Serine protease HTRA2, mitochondrial is an enzyme that in humans is encoded by the HTRA2 gene. This protein is involved in caspase-dependent apoptosis and in Parkinson's disease.

==Structure==
=== Gene ===
The gene HTRA2 encodes a serine protease. The human gene has 8 exons and locates at chromosome band 2p12.

=== Protein ===
Protein HtrA2, also known as Omi, is a mitochondrially-located serine protease. The human protein Serine protease HTRA2, mitochondrial is 49kDa in size and composed of 458 amino acids. The peptide fragment of 1-31 amino acid is the mitochondrial transition sequence, fragment 32-133 amino acid is propertied, and 134-458 is the mature protein Serine protease HTRA2, mitochondrial, and its theoretical pI of this protein is 6.12. HtrA2 shows similarities with DegS, a bacterial protease present in the periplasm of gram-negative bacteria.

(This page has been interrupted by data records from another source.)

(* Let $G$ be a non-discrete lcsc group and $M$ a local $G$-space. Then $\mathrm{vol}_M$ has no atoms.
   Context: An lcsc group is a locally compact second countable group; fix a Haar measure $\lambda$ on $G$. A local $G$-space is an lcsc space $M$ with a continuous map $\alpha:\mathrm{dom}(\alpha)\to M$, $\mathrm{dom}(\alpha)\subset G\times M$ open, written $g.p=\alpha(g,p)$, such that for all $p\in M$: (1) $(1_G,p)\in\mathrm{dom}(\alpha)$ and $1_G.p=p$; (2) if $(g,p)\in\mathrm{dom}(\alpha)$ then $(g^{-1},g.p)\in\mathrm{dom}(\alpha)$ and $g^{-1}.(g.p)=p$; (3) if $(h,p),(g,h.p),(gh,p)\in\mathrm{dom}(\alpha)$ then $gh.p=g.(h.p)$; (4) there is an open neighborhood $O_p$ of $1_G$ with $O_p\times\{p\}\subset\mathrm{dom}(\alpha)$ such that $g\mapsto g.p$ is a homeomorphism of $O_p$ onto an open neighborhood of $p$. A chart centered at $p$ is a homeomorphism $f_p$ from an open neighborhood of $p$ in $M$ onto an open neighborhood $\mathrm{rng}(f_p)$ of $1_G$ with $f_p(g.p)=g$ for all $g\in\mathrm{rng}(f_p)$. The canonical measure $\mathrm{vol}_M$ is the unique Radon measure on $M$ with $\mathrm{vol}_M(K)=\lambda(f_p(K))$ for every chart $f_p$ and Borel $K\subset\mathrm{dom}(f_p)$ (its existence and uniqueness is a known fact). *)

theory Defs
  imports "HOL-Analysis.Analysis"
begin

text \<open>An lcsc group is a type 'g of class topological_group_add
(a topological group, written additively, NOT assumed commutative) which is
Hausdorff, second countable and locally compact. An lcsc space is a type of
class t2_space + second_countable_topology which is locally compact.\<close>

definition lcsc_space :: "'a::topological_space itself \<Rightarrow> bool" where
  "lcsc_space _ \<longleftrightarrow> locally_compact_space (euclidean :: 'a topology)"

definition radon_measure :: "'a::topological_space measure \<Rightarrow> bool" where
  "radon_measure \<mu> \<longleftrightarrow>
     sets \<mu> = sets borel \<and>
     (\<forall>K. compact K \<longrightarrow> emeasure \<mu> K < \<infinity>) \<and>
     (\<forall>A\<in>sets borel. emeasure \<mu> A = (INF U\<in>{U. open U \<and> A \<subseteq> U}. emeasure \<mu> U)) \<and>
     (\<forall>U. open U \<longrightarrow> emeasure \<mu> U = (SUP K\<in>{K. compact K \<and> K \<subseteq> U}. emeasure \<mu> K))"

definition haar_measure :: "'g::topological_group_add measure \<Rightarrow> bool" where
  "haar_measure \<nu> \<longleftrightarrow> radon_measure \<nu> \<and> emeasure \<nu> UNIV \<noteq> 0 \<and>
     (\<forall>g A. A \<in> sets borel \<longrightarrow> emeasure \<nu> ((\<lambda>x. g + x) ` A) = emeasure \<nu> A)"

text \<open>Local G-space: partial action act defined on the open set D \<subseteq> G \<times> M;
g.p = act g p.  Group identity is 0, product g h is g + h, inverse is -g.\<close>
definition local_G_space :: "('g::topological_group_add \<times> 'm::topological_space) set
     \<Rightarrow> ('g \<Rightarrow> 'm \<Rightarrow> 'm) \<Rightarrow> bool" where
  "local_G_space D act \<longleftrightarrow>
     open D \<and> continuous_on D (\<lambda>(g, p). act g p) \<and>
     (\<forall>p. (0, p) \<in> D \<and> act 0 p = p) \<and>
     (\<forall>g p. (g, p) \<in> D \<longrightarrow> (- g, act g p) \<in> D \<and> act (- g) (act g p) = p) \<and>
     (\<forall>g h p. (h, p) \<in> D \<and> (g, act h p) \<in> D \<and> (g + h, p) \<in> D
              \<longrightarrow> act (g + h) p = act g (act h p)) \<and>
     (\<forall>p. \<exists>W. open W \<and> 0 \<in> W \<and> W \<times> {p} \<subseteq> D \<and>
          (\<exists>V. open V \<and> p \<in> V \<and> (\<exists>h. homeomorphism W V (\<lambda>g. act g p) h)))"

definition chart_centered :: "('g::topological_group_add \<times> 'm::topological_space) set
     \<Rightarrow> ('g \<Rightarrow> 'm \<Rightarrow> 'm) \<Rightarrow> 'm \<Rightarrow> 'm set \<Rightarrow> ('m \<Rightarrow> 'g) \<Rightarrow> bool" where
  "chart_centered D act p U f \<longleftrightarrow>
     open U \<and> p \<in> U \<and> open (f ` U) \<and> 0 \<in> f ` U \<and>
     (\<exists>h. homeomorphism U (f ` U) f h) \<and>
     (\<forall>g\<in>f ` U. (g, p) \<in> D \<and> act g p \<in> U \<and> f (act g p) = g)"

definition canonical_measure :: "'g::topological_group_add measure
     \<Rightarrow> ('g \<times> 'm::topological_space) set \<Rightarrow> ('g \<Rightarrow> 'm \<Rightarrow> 'm) \<Rightarrow> 'm measure \<Rightarrow> bool" where
  "canonical_measure \<nu> D act vol \<longleftrightarrow> radon_measure vol \<and>
     (\<forall>p U f K. chart_centered D act p U f \<and> K \<in> sets borel \<and> K \<subseteq> U
        \<longrightarrow> emeasure vol K = emeasure \<nu> (f ` K))"

end

theory Submission
  imports Defs
begin

text \<open>Inverting the orbit map \<open>g \<mapsto> g.p\<close> gives a chart centered at \<open>p\<close>, so
\<open>vol\<^sub>M {p}\<close> is the Haar measure of a single point of \<open>G\<close>. By translation
invariance all points of \<open>G\<close> have the same Haar measure. As \<open>G\<close> is not discrete,
a compact neighbourhood of the identity contains infinitely many points, and its Haar
measure is finite; hence this common value is \<open>0\<close>.\<close>

lemma ennreal_eq_0_if_multiples_bounded:
  fixes c B :: ennreal
  assumes bound: "\<And>n::nat. of_nat n * c \<le> B" and "B < \<infinity>"
  shows "c = 0"
proof (rule ccontr)
  assume "c \<noteq> 0"
  have "c < \<infinity>"
    using bound[of 1] \<open>B < \<infinity>\<close> by auto
  then have "B / c < \<infinity>"
    using \<open>B < \<infinity>\<close> \<open>c \<noteq> 0\<close>
    by (metis ennreal_divide_eq_top_iff infinity_ennreal_def top.not_eq_extremum)
  then obtain n :: nat where "B / c < of_nat n"
    using ennreal_Ex_less_of_nat by auto
  then have "B < of_nat n * c"
    using divide_less_ennreal \<open>c \<noteq> 0\<close> \<open>c < \<infinity>\<close> by simp
  with bound[of n] show False by simp
qed

lemma emeasure_equal_singletons_eq_0:
  assumes "infinite S" "S \<subseteq> K" "K \<in> sets M" "emeasure M K < \<infinity>"
    and S_sets: "\<And>x. x \<in> S \<Longrightarrow> {x} \<in> sets M"
    and S_measure: "\<And>x. x \<in> S \<Longrightarrow> emeasure M {x} = c"
  shows "c = 0"
proof (rule ennreal_eq_0_if_multiples_bounded)
  show "of_nat n * c \<le> emeasure M K" for n
  proof -
    obtain F where F: "F \<subseteq> S" "finite F" "card F = n"
      using infinite_arbitrarily_large[OF \<open>infinite S\<close>] by blast
    have "of_nat n * c = (\<Sum>x\<in>F. emeasure M {x})"
      using F S_measure by (simp add: subset_iff)
    also have "\<dots> = emeasure M F"
      using F S_sets by (auto intro: emeasure_eq_sum_singleton[symmetric])
    also have "\<dots> \<le> emeasure M K"
      using F assms(2,3) by (intro emeasure_mono) auto
    finally show ?thesis .
  qed
qed (fact assms(4))

lemma open_singleton_translate:
  fixes a x :: "'g::topological_group_add"
  assumes "open {a}"
  shows "open {x}"
proof -
  have "(a + - x) + y = a \<longleftrightarrow> y = x" for y
    by (metis add.assoc add_left_cancel add.right_neutral minus_add_cancel add.left_inverse)
  then have "(\<lambda>y. (a + - x) + y) -` {a} = {x}"
    by auto
  moreover have "open ((\<lambda>y. (a + - x) + y) -` {a})"
    using assms by (intro continuous_open_vimage continuous_intros)
  ultimately show ?thesis
    by simp
qed

lemma infinite_if_open_not_discrete:
  fixes U :: "'g::{topological_group_add, t1_space} set"
  assumes "open U" "a \<in> U" and not_discrete: "\<not> (\<forall>x::'g. open {x})"
  shows "infinite U"
proof
  assume "finite U"
  then have "open (U - (U - {a}))"
    using assms(1) by (intro open_Diff finite_imp_closed) auto
  moreover have "U - (U - {a}) = {a}"
    using assms(2) by auto
  ultimately have "open {a}"
    by simp
  with not_discrete show False
    using open_singleton_translate by blast
qed

lemma haar_measure_singleton:
  fixes \<nu> :: "'g::{topological_group_add, t1_space} measure"
  assumes "haar_measure \<nu>"
  shows "emeasure \<nu> {x} = emeasure \<nu> {0}"
proof -
  have "\<forall>g A. A \<in> sets borel \<longrightarrow> emeasure \<nu> ((\<lambda>y. g + y) ` A) = emeasure \<nu> A"
    using assms unfolding haar_measure_def by (elim conjE)
  moreover have "{0::'g} \<in> sets borel"
    by simp
  ultimately have "emeasure \<nu> ((\<lambda>y. x + y) ` {0}) = emeasure \<nu> {0}"
    by blast
  then show ?thesis
    by simp
qed

lemma haar_measure_singleton_eq_0:
  fixes \<nu> :: "'g::{topological_group_add, t2_space} measure"
  assumes "lcsc_space TYPE('g)" and "\<not> (\<forall>x::'g. open {x})" and "haar_measure \<nu>"
  shows "emeasure \<nu> {x} = 0"
proof -
  have "\<exists>U K. open U \<and> compact K \<and> (0::'g) \<in> U \<and> U \<subseteq> K"
    using assms(1) unfolding lcsc_space_def locally_compact_space_def by simp
  then obtain U K where UK: "open U" "(0::'g) \<in> U" "U \<subseteq> K" "compact K"
    by blast
  have radon: "radon_measure \<nu>"
    using assms(3) unfolding haar_measure_def by simp
  have "emeasure \<nu> {x} = emeasure \<nu> {0}"
    using assms(3) by (rule haar_measure_singleton)
  also have "\<dots> = 0"
  proof (rule emeasure_equal_singletons_eq_0)
    show "infinite U"
      using UK(1,2) assms(2) by (rule infinite_if_open_not_discrete)
    have sets_\<nu>: "sets \<nu> = sets borel"
      using radon unfolding radon_measure_def by simp
    show "K \<in> sets \<nu>"
      using UK(4) by (simp add: sets_\<nu> compact_imp_closed)
    show "emeasure \<nu> K < \<infinity>"
      using radon UK(4) unfolding radon_measure_def by simp
    show "{y} \<in> sets \<nu>" for y
      by (simp add: sets_\<nu>)
    show "emeasure \<nu> {y} = emeasure \<nu> {0}" for y
      using assms(3) by (rule haar_measure_singleton)
  qed (fact UK(3))
  finally show ?thesis .
qed

lemma chart_centered_inverse_orbit_map:
  assumes "open W" "0 \<in> W" "W \<times> {p} \<subseteq> D" "open V" "p \<in> V"
    and orbit: "homeomorphism W V (\<lambda>g. act g p) h"
  shows "chart_centered D act p V h"
  unfolding chart_centered_def
proof (intro conjI)
  show "open V" "p \<in> V"
    by (fact assms(4,5))+
  have "h ` V = W"
    using orbit by (simp add: homeomorphism_def)
  then show "open (h ` V)" "0 \<in> h ` V"
    using assms(1,2) by auto
  show "\<exists>k. homeomorphism V (h ` V) h k"
    using homeomorphism_symD[OF orbit] \<open>h ` V = W\<close> by auto
  show "\<forall>g\<in>h ` V. (g, p) \<in> D \<and> act g p \<in> V \<and> h (act g p) = g"
    using assms(3) orbit unfolding homeomorphism_def by auto
qed

theorem lemma6p11:
  fixes \<nu> :: "'g::{topological_group_add, t2_space, second_countable_topology} measure"
    and D :: "('g \<times> 'm::{t2_space, second_countable_topology}) set"
    and act :: "'g \<Rightarrow> 'm \<Rightarrow> 'm"
    and vol :: "'m measure"
  assumes "lcsc_space TYPE('g)"
    and "lcsc_space TYPE('m)"
    and "\<not> (\<forall>x::'g. open {x})"
    and "haar_measure \<nu>"
    and "local_G_space D act"
    and "canonical_measure \<nu> D act vol"
  shows "\<forall>p. emeasure vol {p} = 0"
proof
  fix p :: 'm
  obtain W V h where "open W" "0 \<in> W" "W \<times> {p} \<subseteq> D" "open V" "p \<in> V"
      and "homeomorphism W V (\<lambda>g. act g p) h"
    using assms(5) unfolding local_G_space_def by meson
  then have "chart_centered D act p V h"
    by (rule chart_centered_inverse_orbit_map)
  moreover have "{p} \<in> sets borel" "{p} \<subseteq> V"
    using \<open>p \<in> V\<close> by auto
  ultimately have "emeasure vol {p} = emeasure \<nu> (h ` {p})"
    using assms(6) unfolding canonical_measure_def by blast
  also have "\<dots> = 0"
    using assms(1,3,4) by (simp add: haar_measure_singleton_eq_0)
  finally show "emeasure vol {p} = 0" .
qed

end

Structurally, HtrA2 is a trimeric molecule with central protease domains and a carboxy-terminal PDZ domain, which is characteristic of the HtrA family. The PDZ domain preferentially binds C-terminus of the protein substrate and modulate the proteolytic activity of the trypsin-like protease domain.

== Function ==
The high-temperature requirement (HtrA) family are conserved evolutionarily and these oligomeric serine proteases has been classified in family S1B of the PA protease clan in the MEROPS protease database. The protease activity of the HtrA member HtrA2/Omi is required for mitochondrial homeostasis in mice and humans and inactivating mutations associated with neurodegenerative disorders such as Parkinson's disease. Moreover, HtrA2/Omi is released in the cytosol from the mitochondria during apoptosis and uses its four most N-terminal amino acids to mimic a caspase and be recruited by inhibitor of apoptosis protein (IAP) caspase inhibitors such as XIAP and CIAP1/2. Once bound, the serine protease cleaves the IAP, reducing the cell's inhibition to caspase activation. In summary, HTRA2/Omi contributes to apoptosis through both caspase-dependent and -independent pathways.

== Clinical significance ==
The members of the HtrA family of proteases have been shown playing critical roles in cell physiology and being involved in several pathological processes including cancer and neurodegenerative disease. Strong evidences supported HtrA2's involvement in oncogenesis. This protein is widely expressed in a variety of cancer cell lines, Analysis of biopsy samples showed changes in expression of HtrA2 in cancer tissues compared with normal tissues.

HtrA2 has recently been identified as a gene related to Parkinson's disease. Mutations in Htra2 have been found in patients with Parkinson's disease. Additionally, mice lacking HtrA2 have a parkinsonian phenotype. This suggests that HtrA2 is linked to Parkinson's disease progression in humans and mice.

== Interactions ==
HtrA serine peptidase 2 has been shown to interact with MAPK14, XIAP and BIRC2.